Arne Westad: I mean, nuance
in the sense that he, as everyone else, reacted to problems that were visible
to large segments of the party elites. And even, as I said, beyond the, the,
the people who had their immediate connection to party in the, in the early 20teens.
But the way he responded to those challenges, particularly when he had been in
power for a few years, I think was beyond what the people who had put him into
that position actually expected.
So I think the, the, the sort of hyper centralization of power,
the preoccupation with his own personal status, the relentless attempts are
trying to undermine potential rivals and, and, and opponents. Even people who
would never have identified themselves as such, that is going much further than
anyone that I know expected when he became general secretary of the party.
So I think we have to think about those two things at the same
time. He got to where he is, and he was confirmed in that position by the party
elite, particularly by the party elders because he was seen as offering
solutions to problems that they also recognized. But then after a few years in
power, this took off in, in, in, maybe not even in the direction, but with a
degree of intensity and personalization that these people did not expect or, or
very few people expected, including observers like myself. So I think those are
the two things that we have to be able to think about.
Michael Feinberg:
We've been talking about China's rise and its leadership from the Western
perspective. Let's turn the telescope around. What is the narrative in China,
in Chinese public opinion, both among political elites and sort of the general
populace about what China's rise signifies and how the West has reacted to it?

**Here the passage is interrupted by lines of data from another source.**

lemma centered_nef_partition_supporting_functional_vanishes:
  fixes a :: "real^'n"
  assumes "reflexive_polytope P" "centered_nef_partition P r D"
    and "zero_in_relint r D I" "zero_in_relint r D J"
    and "\<forall>k\<in>I \<inter> J. \<forall>x\<in>D k. 0 \<le> a \<bullet> x" "k \<in> I \<inter> J" "x \<in> D k"
  shows "a \<bullet> x = 0"
proof -
  have P: "P = minkowski_sum D {1..r}" "\<forall>i\<in>{1..r}. 0 \<in> D i"
    using assms(2) unfolding centered_nef_partition_def by auto
  have "compact P" "P \<noteq> {}"
    using assms(1) interior_subset compact_lattice_polytope unfolding reflexive_polytope_def by blast+
  moreover have "continuous_on P (\<lambda>y. a \<bullet> y)" by (intro continuous_intros)
  ultimately obtain p where p: "p \<in> P" "\<forall>y\<in>P. a \<bullet> p \<le> a \<bullet> y"
    using continuous_attains_inf by blast
  obtain g where g: "\<forall>i\<in>{1..r}. g i \<in> D i" "p = sum g {1..r}"
    using p(1) unfolding P(1) minkowski_sum_def by auto
  obtain W \<mu> where W: "\<forall>w\<in>W. lattice_point w \<and> w \<in> polar P \<and> 0 < \<mu> w"
    and a: "a = (\<Sum>w\<in>W. \<mu> w *\<^sub>R w)"
    and tight: "\<And>q w. q \<in> P \<Longrightarrow> a \<bullet> q = a \<bullet> p \<Longrightarrow> w \<in> W \<Longrightarrow> q \<bullet> w = -1"
    by (rule reflexive_polytope_minimizing_functional[OF assms(1) p]) (rule that)
  have nonneg_on_Int: "0 \<le> y \<bullet> w" if "w \<in> W" "j \<in> I \<inter> J" "y \<in> D j" for w j y
  proof -
    have j: "j \<in> {1..r}" using that(2) assms(3) unfolding zero_in_relint_def by auto
    have in_P: "p - g j + z \<in> P" if "z \<in> D j" for z
      using minkowski_sum_replace[OF _ j g(1) that] g(2) unfolding P(1) by simp
    have q: "p - g j \<in> P" using in_P[of 0] P(2) j by simp
    \<comment> \<open>dropping the summand \<open>g j\<close> keeps \<open>p\<close> on the face where \<open>a\<close> is minimal\<close>
    have "a \<bullet> p \<le> a \<bullet> (p - g j)" using p(2) q by blast
    moreover have "0 \<le> a \<bullet> g j" using assms(5) that(2) g(1) j by blast
    ultimately have "a \<bullet> (p - g j) = a \<bullet> p" by (simp add: inner_diff_right)
    then have "(p - g j) \<bullet> w = -1" using tight q that(1) by blast
    moreover have "-1 \<le> (p - g j + y) \<bullet> w"
      using in_P[OF that(3)] W(1) that(1) unfolding polar_def by blast
    ultimately have "-1 \<le> -1 + y \<bullet> w" by (simp add: inner_add_left)
    then show ?thesis by simp
  qed
  have orthogonal: "x \<bullet> w = 0" if "w \<in> W" for w
    using centered_nef_partition_polar_lattice_point_vanishes[OF assms(2-4)] W nonneg_on_Int that
      assms(6,7) by blast
  have "a \<bullet> x = (\<Sum>w\<in>W. \<mu> w * (w \<bullet> x))"
    unfolding a by (simp add: inner_sum_left)
  then show ?thesis using orthogonal by (simp add: inner_commute)
qed
lemma second_difference_mvt:
  fixes g :: "'a::real_normed_vector \<Rightarrow> real"
  assumes g: "\<And>p. (g has_derivative G p) (at p)"
    and gu: "\<And>p. ((\<lambda>p. G p u) has_derivative GU p) (at p)"
    and h: "h > 0"
  obtains \<xi> \<eta> where "0 < \<xi>" "\<xi> < h" "0 < \<eta>" "\<eta> < h"
    "g (q + h *\<^sub>R u + h *\<^sub>R v) - g (q + h *\<^sub>R u) - g (q + h *\<^sub>R v) + g q
       = h * h * GU (q + \<xi> *\<^sub>R u + \<eta> *\<^sub>R v) v"
proof -
  define \<phi> where "\<phi> x = g (q + h *\<^sub>R v + x *\<^sub>R u) - g (q + x *\<^sub>R u)" for x
  have "(\<phi> has_real_derivative (G (q + h *\<^sub>R v + x *\<^sub>R u) u - G (q + x *\<^sub>R u) u)) (at x)" for x
    unfolding \<phi>_def
    by (intro DERIV_diff has_real_derivative_along_line g)
  then obtain \<xi> where \<xi>: "0 < \<xi>" "\<xi> < h"
    and \<phi>_diff: "\<phi> h - \<phi> 0 = h * (G (q + h *\<^sub>R v + \<xi> *\<^sub>R u) u - G (q + \<xi> *\<^sub>R u) u)"
    using MVT2[OF h, of \<phi> "\<lambda>x. G (q + h *\<^sub>R v + x *\<^sub>R u) u - G (q + x *\<^sub>R u) u"]
    by auto
  define \<psi> where "\<psi> y = G (q + \<xi> *\<^sub>R u + y *\<^sub>R v) u" for y
  have "(\<psi> has_real_derivative GU (q + \<xi> *\<^sub>R u + y *\<^sub>R v) v) (at y)" for y
    unfolding \<psi>_def by (rule has_real_derivative_along_line[OF gu])
  then obtain \<eta> where \<eta>: "0 < \<eta>" "\<eta> < h"
    and \<psi>_diff: "\<psi> h - \<psi> 0 = h * GU (q + \<xi> *\<^sub>R u + \<eta> *\<^sub>R v) v"
    using MVT2[OF h, of \<psi> "\<lambda>y. GU (q + \<xi> *\<^sub>R u + y *\<^sub>R v) v"] by auto
  have "q + h *\<^sub>R v + \<xi> *\<^sub>R u = q + \<xi> *\<^sub>R u + h *\<^sub>R v" "q + h *\<^sub>R v + h *\<^sub>R u = q + h *\<^sub>R u + h *\<^sub>R v"
    by (simp_all add: algebra_simps)
  with \<phi>_diff \<psi>_diff
  have "g (q + h *\<^sub>R u + h *\<^sub>R v) - g (q + h *\<^sub>R u) - g (q + h *\<^sub>R v) + g q
       = h * h * GU (q + \<xi> *\<^sub>R u + \<eta> *\<^sub>R v) v"
    unfolding \<phi>_def \<psi>_def by (simp add: algebra_simps)
  with \<xi> \<eta> that show thesis by blast
qed

lemma mixed_partials_commute:
  fixes g :: "'a::real_normed_vector \<Rightarrow> real"
  assumes g: "\<And>p. (g has_derivative G p) (at p)"
    and gu: "\<And>p. ((\<lambda>p. G p u) has_derivative GU p) (at p)"
    and gv: "\<And>p. ((\<lambda>p. G p v) has_derivative GV p) (at p)"
    and cont_uv: "isCont (\<lambda>p. GU p v) q" and cont_vu: "isCont (\<lambda>p. GV p u) q"
  shows "GU q v = GV q u"
proof (rule ccontr)
  assume ne: "GU q v \<noteq> GV q u"
  define \<epsilon> where "\<epsilon> = \<bar>GU q v - GV q u\<bar> / 2"
  have "\<epsilon> > 0" using ne by (simp add: \<epsilon>_def)
  then obtain d1 d2 where d: "d1 > 0" "d2 > 0"
    and d1: "\<And>p. dist p q < d1 \<Longrightarrow> dist (GU p v) (GU q v) < \<epsilon>"
    and d2: "\<And>p. dist p q < d2 \<Longrightarrow> dist (GV p u) (GV q u) < \<epsilon>"
    using cont_uv cont_vu unfolding continuous_at_eps_delta by metis
  define h where "h = min d1 d2 / (norm u + norm v + 1)"
  have norms_pos: "norm u + norm v + 1 > 0"
    using norm_ge_zero[of u] norm_ge_zero[of v] by linarith
  with d have h: "h > 0" by (simp add: h_def)
  have close: "dist (q + a *\<^sub>R x + b *\<^sub>R y) q < min d1 d2"
    if "0 < a" "a < h" "0 < b" "b < h" "{x, y} = {u, v}" for a b x y
  proof -
    have "dist (q + a *\<^sub>R x + b *\<^sub>R y) q \<le> a * norm x + b * norm y"
      using norm_triangle_ineq[of "a *\<^sub>R x" "b *\<^sub>R y"] that by (simp add: dist_norm)
    also have "\<dots> \<le> h * norm x + h * norm y"
      using that by (intro add_mono mult_right_mono) auto
    also have "\<dots> = h * (norm u + norm v)"
      using that(5) by (auto simp: doubleton_eq_iff algebra_simps)
    also have "\<dots> < h * (norm u + norm v + 1)"
      using h by simp
    also have "\<dots> = min d1 d2"
      using norms_pos by (simp add: h_def)
    finally show ?thesis .
  qed
  \<comment> \<open>The same second difference, divided by h^2, is a value of each mixed partial near q.\<close>
  obtain a b where ab: "0 < a" "a < h" "0 < b" "b < h" and E1:
    "g (q + h *\<^sub>R u + h *\<^sub>R v) - g (q + h *\<^sub>R u) - g (q + h *\<^sub>R v) + g q
       = h * h * GU (q + a *\<^sub>R u + b *\<^sub>R v) v"
    using second_difference_mvt[OF g gu h] .
  obtain c e where ce: "0 < c" "c < h" "0 < e" "e < h" and E2:
    "g (q + h *\<^sub>R v + h *\<^sub>R u) - g (q + h *\<^sub>R v) - g (q + h *\<^sub>R u) + g q
       = h * h * GV (q + c *\<^sub>R v + e *\<^sub>R u) u"
    using second_difference_mvt[OF g gv h] .
  have corner: "q + h *\<^sub>R v + h *\<^sub>R u = q + h *\<^sub>R u + h *\<^sub>R v"
    by (simp add: algebra_simps)
  have "h * h * GU (q + a *\<^sub>R u + b *\<^sub>R v) v = h * h * GV (q + c *\<^sub>R v + e *\<^sub>R u) u"
    using E1 E2[unfolded corner] by linarith
  with h have eq: "GU (q + a *\<^sub>R u + b *\<^sub>R v) v = GV (q + c *\<^sub>R v + e *\<^sub>R u) u"
    by simp
  have "dist (GU (q + a *\<^sub>R u + b *\<^sub>R v) v) (GU q v) < \<epsilon>"
    using close[OF ab] by (intro d1) auto
  moreover have "dist (GV (q + c *\<^sub>R v + e *\<^sub>R u) u) (GV q u) < \<epsilon>"
    using close[OF ce] by (intro d2) auto
  ultimately show False
    using eq unfolding \<epsilon>_def dist_real_def by (smt (verit) field_sum_of_halves)
qed

lemma Ck_Suc_differentiable: "Ck (Suc k) f \<Longrightarrow> f differentiable at x"
  by (simp add: differentiable_on_def)

lemma Ck_Suc_directional_derivative:
  "Ck (Suc k) f \<Longrightarrow> Ck k (\<lambda>x. frechet_derivative f (at x) w)"
  by simp

lemma smooth_differentiable: "smooth f \<Longrightarrow> f differentiable at x"
  unfolding smooth_def by (metis Ck_Suc_differentiable)

lemma Ck2_mixed_partials_commute:
  fixes f :: "'a::real_normed_vector \<Rightarrow> 'b::euclidean_space"
  assumes "Ck 2 f"
  shows "frechet_derivative (\<lambda>x. frechet_derivative f (at x) u) (at p) v
       = frechet_derivative (\<lambda>x. frechet_derivative f (at x) v) (at p) u"
proof (rule euclidean_eqI)
  fix b :: 'b
  define D where "D f' x = frechet_derivative f' (at x)" for f' :: "'a \<Rightarrow> 'b" and x
  have f2: "Ck (Suc (Suc 0)) f" using assms by (simp add: numeral_2_eq_2)
  have Df: "(f has_derivative D f x) (at x)" for x
    using Ck_Suc_differentiable[OF f2] frechet_derivative_works unfolding D_def by blast
  have "Ck (Suc 0) (\<lambda>x. D f x w)" for w
    using Ck_Suc_directional_derivative[OF f2] unfolding D_def .
  then have DDf: "((\<lambda>x. D f x w) has_derivative D (\<lambda>x. D f x w) x) (at x)" for w x
    using Ck_Suc_differentiable frechet_derivative_works unfolding D_def by blast
  have "continuous_on UNIV (\<lambda>x. D (\<lambda>x. D f x w) x w')" for w w'
    using Ck_Suc_directional_derivative[OF \<open>Ck (Suc 0) (\<lambda>x. D f x w)\<close>]
    unfolding D_def by simp
  then have cont: "isCont (\<lambda>x. D (\<lambda>x. D f x w) x w' \<bullet> b) p" for w w'
    by (intro continuous_intros) (simp add: continuous_on_eq_continuous_at)
  have "D (\<lambda>x. D f x u) p v \<bullet> b = D (\<lambda>x. D f x v) p u \<bullet> b"
  proof (rule mixed_partials_commute[where g="\<lambda>x. f x \<bullet> b" and G="\<lambda>x h. D f x h \<bullet> b"])
    show "((\<lambda>x. f x \<bullet> b) has_derivative (\<lambda>h. D f x h \<bullet> b)) (at x)" for x
      by (rule has_derivative_inner_left[OF Df])
  qed (rule has_derivative_inner_left[OF DDf] cont)+
  then show "frechet_derivative (\<lambda>x. frechet_derivative f (at x) u) (at p) v \<bullet> b
      = frechet_derivative (\<lambda>x. frechet_derivative f (at x) v) (at p) u \<bullet> b"
    by (simp add: D_def)
qed

context bounded_bilinear
begin

lemma frechet_derivative_vanishing_prod:
  assumes "f differentiable at p" "g differentiable at p" "\<And>x. prod (f x) (g x) = 0"
  shows "prod (f p) (frechet_derivative g (at p) d) + prod (frechet_derivative f (at p) d) (g p) = 0"
proof -
  have "((\<lambda>x. prod (f x) (g x)) has_derivative
      (\<lambda>d. prod (f p) (frechet_derivative g (at p) d) + prod (frechet_derivative f (at p) d) (g p))) (at p)"
    using assms(1,2) by (intro FDERIV) (simp_all add: frechet_derivative_works)
  moreover have "(\<lambda>x. prod (f x) (g x)) = (\<lambda>x. 0)"
    using assms(3) by simp
  ultimately have "((\<lambda>x. 0) has_derivative
      (\<lambda>d. prod (f p) (frechet_derivative g (at p) d) + prod (frechet_derivative f (at p) d) (g p))) (at p)"
    by simp
  from has_derivative_unique[OF this has_derivative_const] show ?thesis
    by metis
qed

Because the narrative, at least when I was in government, was
one where China was somewhere between 90 percent and a hundred percent to blame
for any burgeoning conflict or deterioration in relations. I'll confess, I
still hold to that view somewhat, but I'm willing to entertain other points of
view and you know, be open to changing my mind if that's not the case.
Arne Westad: So I
think I see a lot of similarities again, a lot of parallels with what happened
with regard to Germanist right in, in, in Europe, in the late 19th century. So
it wasn't that Germany wasn't throwing its weight around in economic terms or
in political or, or, or even military terms. Unsettling all of its neighbors,
just like China in terms of its race, has unsettled many, certainly most of
its, its Asian, its Asian neighbors.
But it was on the other hand also the inability back then of
the establishment powers to try to figure out what would a sensible role for
Germany actually be at the, at the, at the core of this most important continent
in the world back then. And they were never able to resolve that problem until
it was too late. I think we have faced a little bit of the same situation with
China.
So China's foreign policy as it moved out of the, the early-
and mid-reform era, if we now are in the late-, late-reform era, possibly are,
was that many of its leaders all the Jinping generation concluded that China
had already risen to a point of great influence within its own region and
aiming just like Germany did back in the late 19th century for becoming the
predominant power within that region.
Now, there is nothing wrong in that aspiration. I mean, China
has been the predominant country in Eastern Asia for a very, very long time. The
question is, how it happens, right? And, and, and, and, and the, the trajectory
through which it happens. And of course, equally important, how it then
interacts with what is today the predominant power in East Asia, which is the
United States of America. So that's the, that that is the, the, the, the
transition with regard to it.
What if we turn this to the Chinese side today? I mean, what,
what I sense that I was in Beijing last week. What I very often sense is that
we are now at the point when there is now coming together among Chinese, CCP
elites and ordinary Chinese, that United States is somehow out to contain
constrained China in terms of its natural growth.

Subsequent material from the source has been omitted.